La paz del Resucitado en tiempos de coronavirus nos hace mantener firme la esperanza en que todo esto pasará como tantos acontecimientos que han marcado la historia de la humanidad. Lo importante es asumir una nueva actitud, un cambio de vida con relación a Dios, para amarlo con todo el corazón, con toda el alma y con todas las fuerzas; con relación a nosotros mismos para tomar las cosas con más calma evitando estar sujetos al frenesí de todos los días que nos desgasta en el estrés y no nos deja ser felices; con relación a los demás para amarlos de verdad, sabiendo reconocer aquello que dijo nuestro querido difunto obispo Jaime Prieto Amaya: que «cada vida es irrepetible, cada persona es irremplazable, cada muerte es irreversible»; con relación a la naturaleza, para respetarla y cuidarla porque gracias a ella tenemos el sustento que nos hace vivir.

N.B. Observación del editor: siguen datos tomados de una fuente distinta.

(* Let $(M,d)$ be a metric space and $Y\subseteq M$. Let $\mathcal{N}$ be a $\sigma$-algebra of subsets of $Y$ containing all Borel subsets of $Y$, and let $\nu$ be a measure on $\mathcal{N}$ such that $\nu(B(x,r)\cap Y)<+\infty$ for all $x\in Y$, $r>0$. Let $\upsilon_Y\in]0,+\infty[$ and assume that $Y$ is upper $\upsilon_Y$-Ahlfors regular with respect to $Y$, with constants $r_0\in]0,+\infty]$, $c_0$ as in the definition, and that $\nu(Y)<+\infty$ whenever $r_0<+\infty$. Let $s_1,s_2\in[0,\upsilon_Y[$ and $a\in]0,+\infty[$. Then there exists $c\in]0,+\infty[$ such that \[ \int_{Y\cap B(\xi,a\,d(x',x''))}\frac{d\nu(\eta)}{d(\xi,\eta)^{s_1}d(\eta,y)^{s_2}} \leq c\left(d(x',y)^{-s_2}d(x',x'')^{\upsilon_Y-s_1}+d(x',y)^{-s_1}d(x',x'')^{\upsilon_Y-s_2}\right) \] for all $x',x''\in Y$ with $x'\neq x''$, all $\xi\in\{x',x''\}$ and all $y\in Y\setminus B(x',2d(x',x''))$.
   Context: For $\xi\in M$, $r>0$, $B(\xi,r)=\{\eta\in M: d(\xi,\eta)<r\}$. $Y$ is upper $\upsilon$-Ahlfors regular with respect to $Y$ if there exist $r_0\in]0,+\infty]$, $c_0\in]0,+\infty[$ with $\nu(B(x,r)\cap Y)\leq c_0r^{\upsilon}$ for all $x\in Y$, $r\in]0,r_0[$. *)

theory Defs
  imports "HOL-Analysis.Analysis"
begin
lemma horizontal_geodesic_energy_has_derivative_zero:
  fixes c :: "real \<Rightarrow> real \<Rightarrow> complex"
  assumes U: "open U" "smooth2_on U c" "(t, th) \<in> U"
    and immersion: "dTh c t th \<noteq> 0"
    and horizontal: "\<And>s. dT c t s \<bullet> dTh c t s = 0"
    and geodesic: "dT (\<lambda>t th. complex_of_real (norm (dTh c t th)) * dT c t th) t th
          = - (1/2) * dTh (\<lambda>t th. complex_of_real ((norm (dT c t th))\<^sup>2 / norm (dTh c t th)) * dTh c t th) t th"
  shows "((\<lambda>s. norm (dTh c s th) * (norm (dT c s th))\<^sup>2) has_real_derivative 0) (at t)"
proof -
  define v w v' w' v_th where "v = dTh c t th" and "w = dT c t th" and "v' = dT (dTh c) t th"
    and "w' = dT (dT c) t th" and "v_th = dTh (dTh c) t th"
  define n' where "n' = (v \<bullet> v') / norm v"
  have d_v_t: "((\<lambda>s. dTh c s th) has_vector_derivative v') (at t)"
    unfolding v'_def using smooth2_on_has_dT[OF smooth2_on_dTh] U by blast
  have d_w_t: "((\<lambda>s. dT c s th) has_vector_derivative w') (at t)"
    unfolding w'_def using smooth2_on_has_dT[OF smooth2_on_dT] U by blast
  have d_v_th: "((\<lambda>s. dTh c t s) has_vector_derivative v_th) (at th)"
    unfolding v_th_def using smooth2_on_has_dTh[OF smooth2_on_dTh] U by blast
  have d_w_th: "((\<lambda>s. dT c t s) has_vector_derivative v') (at th)"
    unfolding v'_def smooth2_on_dTh_dT[OF U, symmetric]
    using smooth2_on_has_dTh[OF smooth2_on_dT] U by blast
  have norm_v_t: "((\<lambda>s. norm (dTh c s th)) has_real_derivative n') (at t)"
    using has_real_derivative_norm[OF _ d_v_t] immersion unfolding n'_def v_def by simp
  have norm_w_t: "((\<lambda>s. (norm (dT c s th))\<^sup>2) has_real_derivative 2 * (w \<bullet> w')) (at t)"
    using has_real_derivative_inner[OF d_w_t d_w_t] unfolding w_def power2_norm_eq_inner
    by (simp add: inner_commute)
  obtain g' where g': "((\<lambda>s. (norm (dT c t s))\<^sup>2 / norm (dTh c t s)) has_real_derivative g') (at th)"
    using DERIV_divide[OF has_real_derivative_inner[OF d_w_th d_w_th] has_real_derivative_norm[OF _ d_v_th]]
      immersion unfolding power2_norm_eq_inner by auto
  have "((\<lambda>s. dT c t s \<bullet> dTh c t s) has_real_derivative 0) (at th)"
    using horizontal by simp
  then have "w \<bullet> v_th + v' \<bullet> v = 0"
    unfolding v_def w_def by (rule DERIV_unique[OF has_real_derivative_inner[OF d_w_th d_v_th]])
  then have horizontal_th: "w \<bullet> v_th = - (v \<bullet> v')" by (simp add: inner_commute)
  have "norm v *\<^sub>R w' + n' *\<^sub>R w = - (1/2) *\<^sub>R (((w \<bullet> w) / norm v) *\<^sub>R v_th + g' *\<^sub>R v)"
    using geodesic dT_of_real_mult[where g="\<lambda>t th. norm (dTh c t th)" and V="dT c", OF norm_v_t d_w_t]
      dTh_of_real_mult[where g="\<lambda>t th. (norm (dT c t th))\<^sup>2 / norm (dTh c t th)" and V="dTh c", OF g' d_v_th]
    unfolding v_def w_def scaleR_conv_of_real power2_norm_eq_inner by simp
  from geodesic_energy_identity[OF this] horizontal horizontal_th
  have "norm v * (2 * (w \<bullet> w')) + n' * (w \<bullet> w) = 0" unfolding v_def w_def n'_def by simp
  with DERIV_mult[OF norm_v_t norm_w_t] show ?thesis
    unfolding v_def w_def power2_norm_eq_inner by (simp add: algebra_simps)
qed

Queridos hermanos, aunque por un tiempo tengamos que estar en nuestras casas con las puertas cerradas, no cerremos nunca aquellas del corazón para poder ser solidarios con los que seguramente en nuestra propia familia o vecindario pasan necesidad, asumiendo la vivencia de los primeros cristianos compartamos el pan, mantengámonos unidos en la oración y en la enseñanza de los apóstoles, y procuremos que ninguno en nuestra comunidad pase necesidad. La paz del Señor resucitado no es un regalo para esconderlo sino para compartirlo con el que la está pasando mal a causa del olvido o la desesperanza que son noticia diaria. Seamos entonces buena noticia, es decir, «Evangelio» para ser leído y proclamado en la acción de gracias que todos los días hacemos a Dios «porque es bueno, porque es eterna su misericordia» (Sal 117, 1).
«Estas cosas les he hablado para que en Mí tengan paz. En el mundo tienen tribulación; pero confíen, Yo he vencido al mundo.» (Jn 16, 33).